* [Task to carry out]
Give back every line of the material below that has the string "thesis".

* [Data supplied]
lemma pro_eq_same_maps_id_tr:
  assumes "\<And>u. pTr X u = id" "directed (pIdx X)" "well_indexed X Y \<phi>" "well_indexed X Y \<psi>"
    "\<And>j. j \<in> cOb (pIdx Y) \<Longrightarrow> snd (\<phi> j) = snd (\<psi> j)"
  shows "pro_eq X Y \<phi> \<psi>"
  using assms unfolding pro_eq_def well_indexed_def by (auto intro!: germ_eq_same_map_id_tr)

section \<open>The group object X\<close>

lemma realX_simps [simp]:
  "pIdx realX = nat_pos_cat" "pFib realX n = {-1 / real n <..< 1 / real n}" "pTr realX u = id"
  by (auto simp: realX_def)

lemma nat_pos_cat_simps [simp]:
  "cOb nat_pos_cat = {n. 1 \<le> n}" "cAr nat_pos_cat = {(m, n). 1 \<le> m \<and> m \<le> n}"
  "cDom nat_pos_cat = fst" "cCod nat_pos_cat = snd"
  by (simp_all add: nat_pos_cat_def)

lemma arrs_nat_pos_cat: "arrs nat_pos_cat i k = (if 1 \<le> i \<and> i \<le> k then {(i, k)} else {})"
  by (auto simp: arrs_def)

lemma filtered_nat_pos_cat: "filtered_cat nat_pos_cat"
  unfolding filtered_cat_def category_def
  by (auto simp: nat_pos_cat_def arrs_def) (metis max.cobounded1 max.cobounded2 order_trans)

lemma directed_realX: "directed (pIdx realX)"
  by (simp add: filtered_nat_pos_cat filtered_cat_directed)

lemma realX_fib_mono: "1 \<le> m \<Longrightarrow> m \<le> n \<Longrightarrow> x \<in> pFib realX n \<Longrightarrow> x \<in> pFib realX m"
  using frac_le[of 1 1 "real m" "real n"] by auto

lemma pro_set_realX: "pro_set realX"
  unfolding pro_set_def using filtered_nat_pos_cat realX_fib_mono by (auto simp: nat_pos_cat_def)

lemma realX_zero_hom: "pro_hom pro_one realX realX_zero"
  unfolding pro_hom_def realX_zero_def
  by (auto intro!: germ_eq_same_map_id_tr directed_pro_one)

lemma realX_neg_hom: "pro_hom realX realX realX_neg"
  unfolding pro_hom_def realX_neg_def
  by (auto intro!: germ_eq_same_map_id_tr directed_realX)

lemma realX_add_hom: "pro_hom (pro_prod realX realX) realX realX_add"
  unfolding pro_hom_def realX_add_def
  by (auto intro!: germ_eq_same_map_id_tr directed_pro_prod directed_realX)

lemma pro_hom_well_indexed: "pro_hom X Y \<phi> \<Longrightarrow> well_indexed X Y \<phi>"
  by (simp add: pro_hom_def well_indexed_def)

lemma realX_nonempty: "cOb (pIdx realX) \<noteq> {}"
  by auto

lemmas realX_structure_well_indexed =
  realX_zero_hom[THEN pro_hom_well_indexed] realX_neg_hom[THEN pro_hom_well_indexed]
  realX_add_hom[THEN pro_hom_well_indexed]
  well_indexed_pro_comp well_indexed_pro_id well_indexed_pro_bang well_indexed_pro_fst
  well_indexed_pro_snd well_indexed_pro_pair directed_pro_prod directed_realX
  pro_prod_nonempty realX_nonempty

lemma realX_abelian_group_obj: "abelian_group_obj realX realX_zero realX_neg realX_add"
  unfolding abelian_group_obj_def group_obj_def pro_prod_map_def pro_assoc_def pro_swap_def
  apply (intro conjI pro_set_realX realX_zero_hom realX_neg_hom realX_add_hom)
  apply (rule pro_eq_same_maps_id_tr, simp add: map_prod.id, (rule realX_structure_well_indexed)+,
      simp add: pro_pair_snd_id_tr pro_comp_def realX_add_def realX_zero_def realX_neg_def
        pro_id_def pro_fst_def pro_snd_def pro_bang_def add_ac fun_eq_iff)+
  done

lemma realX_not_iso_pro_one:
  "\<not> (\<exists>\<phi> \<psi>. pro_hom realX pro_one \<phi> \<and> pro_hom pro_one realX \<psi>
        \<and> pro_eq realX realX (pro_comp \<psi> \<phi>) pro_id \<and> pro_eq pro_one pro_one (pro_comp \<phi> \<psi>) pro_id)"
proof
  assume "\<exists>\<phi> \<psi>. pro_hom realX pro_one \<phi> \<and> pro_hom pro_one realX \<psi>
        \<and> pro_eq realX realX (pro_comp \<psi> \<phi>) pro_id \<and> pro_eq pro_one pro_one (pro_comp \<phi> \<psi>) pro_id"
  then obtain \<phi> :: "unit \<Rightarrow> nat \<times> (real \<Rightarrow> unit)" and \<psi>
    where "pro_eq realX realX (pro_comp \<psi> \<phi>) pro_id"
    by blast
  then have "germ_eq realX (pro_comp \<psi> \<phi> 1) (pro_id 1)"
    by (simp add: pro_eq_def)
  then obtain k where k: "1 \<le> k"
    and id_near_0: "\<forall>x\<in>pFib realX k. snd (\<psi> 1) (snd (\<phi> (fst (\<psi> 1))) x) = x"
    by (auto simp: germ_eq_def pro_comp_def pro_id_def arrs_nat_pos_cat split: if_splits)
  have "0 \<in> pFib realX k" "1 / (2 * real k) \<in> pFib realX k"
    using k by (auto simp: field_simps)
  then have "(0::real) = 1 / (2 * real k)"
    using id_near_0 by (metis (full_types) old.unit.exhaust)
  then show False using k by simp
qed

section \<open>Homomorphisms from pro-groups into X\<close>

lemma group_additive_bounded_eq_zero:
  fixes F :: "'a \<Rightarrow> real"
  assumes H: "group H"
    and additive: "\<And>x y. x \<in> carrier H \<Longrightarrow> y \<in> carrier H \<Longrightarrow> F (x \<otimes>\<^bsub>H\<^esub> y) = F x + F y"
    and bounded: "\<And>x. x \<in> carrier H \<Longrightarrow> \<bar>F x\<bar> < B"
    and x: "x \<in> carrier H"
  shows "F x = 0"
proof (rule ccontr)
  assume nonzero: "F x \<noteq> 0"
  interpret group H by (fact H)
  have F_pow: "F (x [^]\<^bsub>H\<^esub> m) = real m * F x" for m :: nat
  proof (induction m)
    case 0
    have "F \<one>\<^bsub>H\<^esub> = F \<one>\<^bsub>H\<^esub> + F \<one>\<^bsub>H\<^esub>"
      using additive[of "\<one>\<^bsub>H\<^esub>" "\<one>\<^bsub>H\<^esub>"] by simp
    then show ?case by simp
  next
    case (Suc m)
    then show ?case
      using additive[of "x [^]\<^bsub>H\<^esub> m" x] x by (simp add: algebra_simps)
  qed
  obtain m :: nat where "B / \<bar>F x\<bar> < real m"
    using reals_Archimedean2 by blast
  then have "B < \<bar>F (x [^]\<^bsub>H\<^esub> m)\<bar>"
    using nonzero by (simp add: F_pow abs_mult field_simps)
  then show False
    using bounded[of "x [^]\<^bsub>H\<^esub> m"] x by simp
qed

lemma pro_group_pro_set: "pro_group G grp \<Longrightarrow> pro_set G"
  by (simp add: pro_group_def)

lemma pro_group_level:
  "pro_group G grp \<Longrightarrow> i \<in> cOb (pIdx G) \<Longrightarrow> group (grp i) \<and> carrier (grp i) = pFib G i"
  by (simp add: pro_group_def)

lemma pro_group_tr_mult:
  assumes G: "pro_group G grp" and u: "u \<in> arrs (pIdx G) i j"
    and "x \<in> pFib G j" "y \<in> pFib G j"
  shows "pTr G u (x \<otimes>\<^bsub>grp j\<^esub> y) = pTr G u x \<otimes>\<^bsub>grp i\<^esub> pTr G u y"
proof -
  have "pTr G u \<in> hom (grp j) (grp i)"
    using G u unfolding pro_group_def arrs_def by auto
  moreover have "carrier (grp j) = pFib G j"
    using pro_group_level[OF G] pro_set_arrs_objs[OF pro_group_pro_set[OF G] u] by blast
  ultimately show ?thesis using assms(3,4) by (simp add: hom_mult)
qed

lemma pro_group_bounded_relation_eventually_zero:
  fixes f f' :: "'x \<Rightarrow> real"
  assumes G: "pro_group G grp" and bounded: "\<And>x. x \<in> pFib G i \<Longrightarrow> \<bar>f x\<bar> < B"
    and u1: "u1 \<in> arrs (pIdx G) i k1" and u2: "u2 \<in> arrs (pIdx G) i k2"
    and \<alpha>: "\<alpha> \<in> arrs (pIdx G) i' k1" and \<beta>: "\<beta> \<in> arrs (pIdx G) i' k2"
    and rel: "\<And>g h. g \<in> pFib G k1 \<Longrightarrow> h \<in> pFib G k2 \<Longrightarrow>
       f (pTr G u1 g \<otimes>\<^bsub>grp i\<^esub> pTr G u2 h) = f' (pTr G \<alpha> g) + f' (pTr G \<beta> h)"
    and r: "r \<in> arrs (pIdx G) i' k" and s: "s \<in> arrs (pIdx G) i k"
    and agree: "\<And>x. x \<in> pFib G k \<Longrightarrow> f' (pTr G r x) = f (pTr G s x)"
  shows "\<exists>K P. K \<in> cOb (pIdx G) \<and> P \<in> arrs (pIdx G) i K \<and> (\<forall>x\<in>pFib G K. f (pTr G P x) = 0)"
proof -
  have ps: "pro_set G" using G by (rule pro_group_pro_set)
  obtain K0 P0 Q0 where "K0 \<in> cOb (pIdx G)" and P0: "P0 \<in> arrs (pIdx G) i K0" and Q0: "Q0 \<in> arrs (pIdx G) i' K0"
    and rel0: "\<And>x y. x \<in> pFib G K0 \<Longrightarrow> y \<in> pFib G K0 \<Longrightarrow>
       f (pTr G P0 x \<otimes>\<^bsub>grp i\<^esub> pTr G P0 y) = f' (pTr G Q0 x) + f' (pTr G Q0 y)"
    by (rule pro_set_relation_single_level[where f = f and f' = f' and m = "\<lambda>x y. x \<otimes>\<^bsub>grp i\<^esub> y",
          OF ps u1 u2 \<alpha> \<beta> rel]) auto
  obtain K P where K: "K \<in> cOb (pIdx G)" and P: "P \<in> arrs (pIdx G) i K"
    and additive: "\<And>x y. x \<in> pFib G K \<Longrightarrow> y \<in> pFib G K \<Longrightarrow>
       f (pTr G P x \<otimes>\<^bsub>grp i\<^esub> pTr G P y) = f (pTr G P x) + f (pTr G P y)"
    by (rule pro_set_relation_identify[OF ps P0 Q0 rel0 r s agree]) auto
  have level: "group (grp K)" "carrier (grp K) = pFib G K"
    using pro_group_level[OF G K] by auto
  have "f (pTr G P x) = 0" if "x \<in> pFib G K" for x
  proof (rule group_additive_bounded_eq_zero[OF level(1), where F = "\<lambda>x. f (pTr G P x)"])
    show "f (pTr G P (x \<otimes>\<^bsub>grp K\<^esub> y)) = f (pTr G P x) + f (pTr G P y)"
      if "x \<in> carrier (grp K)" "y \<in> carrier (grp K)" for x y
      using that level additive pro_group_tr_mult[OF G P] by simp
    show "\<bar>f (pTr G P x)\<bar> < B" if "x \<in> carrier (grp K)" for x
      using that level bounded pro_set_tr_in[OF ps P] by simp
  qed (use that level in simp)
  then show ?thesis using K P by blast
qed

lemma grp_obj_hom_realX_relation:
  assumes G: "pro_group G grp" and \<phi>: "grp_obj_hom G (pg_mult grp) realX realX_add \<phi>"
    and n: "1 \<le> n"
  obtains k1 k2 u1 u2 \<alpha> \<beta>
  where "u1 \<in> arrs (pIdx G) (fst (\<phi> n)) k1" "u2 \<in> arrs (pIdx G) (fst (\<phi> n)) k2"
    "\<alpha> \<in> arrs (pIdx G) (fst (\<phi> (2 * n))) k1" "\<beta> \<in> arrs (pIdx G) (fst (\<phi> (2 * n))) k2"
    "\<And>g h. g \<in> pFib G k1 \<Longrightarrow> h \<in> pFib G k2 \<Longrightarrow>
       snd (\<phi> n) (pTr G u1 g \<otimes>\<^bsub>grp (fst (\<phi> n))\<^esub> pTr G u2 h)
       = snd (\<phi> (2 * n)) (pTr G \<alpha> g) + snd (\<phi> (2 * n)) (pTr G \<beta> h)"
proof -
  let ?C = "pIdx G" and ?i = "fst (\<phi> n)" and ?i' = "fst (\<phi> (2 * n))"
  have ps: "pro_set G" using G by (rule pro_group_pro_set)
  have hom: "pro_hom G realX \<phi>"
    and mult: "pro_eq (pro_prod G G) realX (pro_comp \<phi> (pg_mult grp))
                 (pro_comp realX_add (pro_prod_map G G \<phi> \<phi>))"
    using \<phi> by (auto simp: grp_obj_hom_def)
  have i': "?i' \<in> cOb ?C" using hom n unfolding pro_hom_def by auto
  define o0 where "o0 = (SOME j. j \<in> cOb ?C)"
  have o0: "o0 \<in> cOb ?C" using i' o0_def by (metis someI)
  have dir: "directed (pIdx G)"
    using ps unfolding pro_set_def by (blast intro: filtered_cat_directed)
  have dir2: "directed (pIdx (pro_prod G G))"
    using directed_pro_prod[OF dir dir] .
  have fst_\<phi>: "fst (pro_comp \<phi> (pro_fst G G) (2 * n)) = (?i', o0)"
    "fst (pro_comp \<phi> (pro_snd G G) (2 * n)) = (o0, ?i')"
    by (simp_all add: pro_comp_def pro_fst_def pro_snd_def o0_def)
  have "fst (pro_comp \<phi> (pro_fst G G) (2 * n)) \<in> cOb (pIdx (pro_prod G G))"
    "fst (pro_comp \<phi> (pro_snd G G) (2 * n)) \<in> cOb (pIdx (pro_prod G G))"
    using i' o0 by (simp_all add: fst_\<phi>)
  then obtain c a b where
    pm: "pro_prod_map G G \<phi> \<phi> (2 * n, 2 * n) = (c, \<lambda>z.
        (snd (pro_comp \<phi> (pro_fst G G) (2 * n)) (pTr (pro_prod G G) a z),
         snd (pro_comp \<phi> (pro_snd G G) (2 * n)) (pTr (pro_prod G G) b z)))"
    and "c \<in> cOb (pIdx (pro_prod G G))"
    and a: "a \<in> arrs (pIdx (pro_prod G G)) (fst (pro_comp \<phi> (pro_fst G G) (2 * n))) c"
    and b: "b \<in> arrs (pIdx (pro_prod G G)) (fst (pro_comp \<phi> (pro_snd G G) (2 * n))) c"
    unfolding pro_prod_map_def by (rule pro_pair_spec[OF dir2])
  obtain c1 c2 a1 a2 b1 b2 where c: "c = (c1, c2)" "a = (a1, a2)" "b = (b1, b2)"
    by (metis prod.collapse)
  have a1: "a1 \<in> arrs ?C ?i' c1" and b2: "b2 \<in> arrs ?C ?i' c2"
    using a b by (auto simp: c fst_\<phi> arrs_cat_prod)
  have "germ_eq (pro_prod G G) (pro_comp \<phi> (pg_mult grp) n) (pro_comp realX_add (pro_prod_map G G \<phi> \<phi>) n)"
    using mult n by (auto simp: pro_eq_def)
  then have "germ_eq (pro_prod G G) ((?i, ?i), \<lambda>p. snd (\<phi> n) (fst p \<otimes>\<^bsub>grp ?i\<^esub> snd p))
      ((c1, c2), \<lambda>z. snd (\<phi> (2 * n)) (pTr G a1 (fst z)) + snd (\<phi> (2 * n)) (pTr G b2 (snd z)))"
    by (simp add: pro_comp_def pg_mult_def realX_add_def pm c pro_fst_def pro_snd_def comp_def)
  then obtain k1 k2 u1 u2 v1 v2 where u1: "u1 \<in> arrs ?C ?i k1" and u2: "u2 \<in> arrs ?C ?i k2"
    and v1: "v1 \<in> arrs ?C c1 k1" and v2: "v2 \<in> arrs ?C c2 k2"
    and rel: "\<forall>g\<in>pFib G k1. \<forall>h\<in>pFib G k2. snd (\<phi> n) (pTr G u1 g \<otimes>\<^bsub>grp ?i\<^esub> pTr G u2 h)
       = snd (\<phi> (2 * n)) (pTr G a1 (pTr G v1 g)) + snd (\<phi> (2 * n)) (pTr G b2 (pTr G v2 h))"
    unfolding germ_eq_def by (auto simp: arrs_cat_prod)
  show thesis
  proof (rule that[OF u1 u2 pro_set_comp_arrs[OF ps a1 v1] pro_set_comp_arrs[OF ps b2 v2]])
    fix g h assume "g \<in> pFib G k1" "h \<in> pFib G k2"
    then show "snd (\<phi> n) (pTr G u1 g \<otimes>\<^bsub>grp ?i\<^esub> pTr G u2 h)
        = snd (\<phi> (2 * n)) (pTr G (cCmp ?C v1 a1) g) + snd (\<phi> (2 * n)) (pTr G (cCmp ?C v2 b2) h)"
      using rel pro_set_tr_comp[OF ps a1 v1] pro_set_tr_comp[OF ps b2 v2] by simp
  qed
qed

* [Exercise solution]
  ultimately show ?thesis using assms(3,4) by (simp add: hom_mult)
  then show ?thesis using K P by blast
  show thesis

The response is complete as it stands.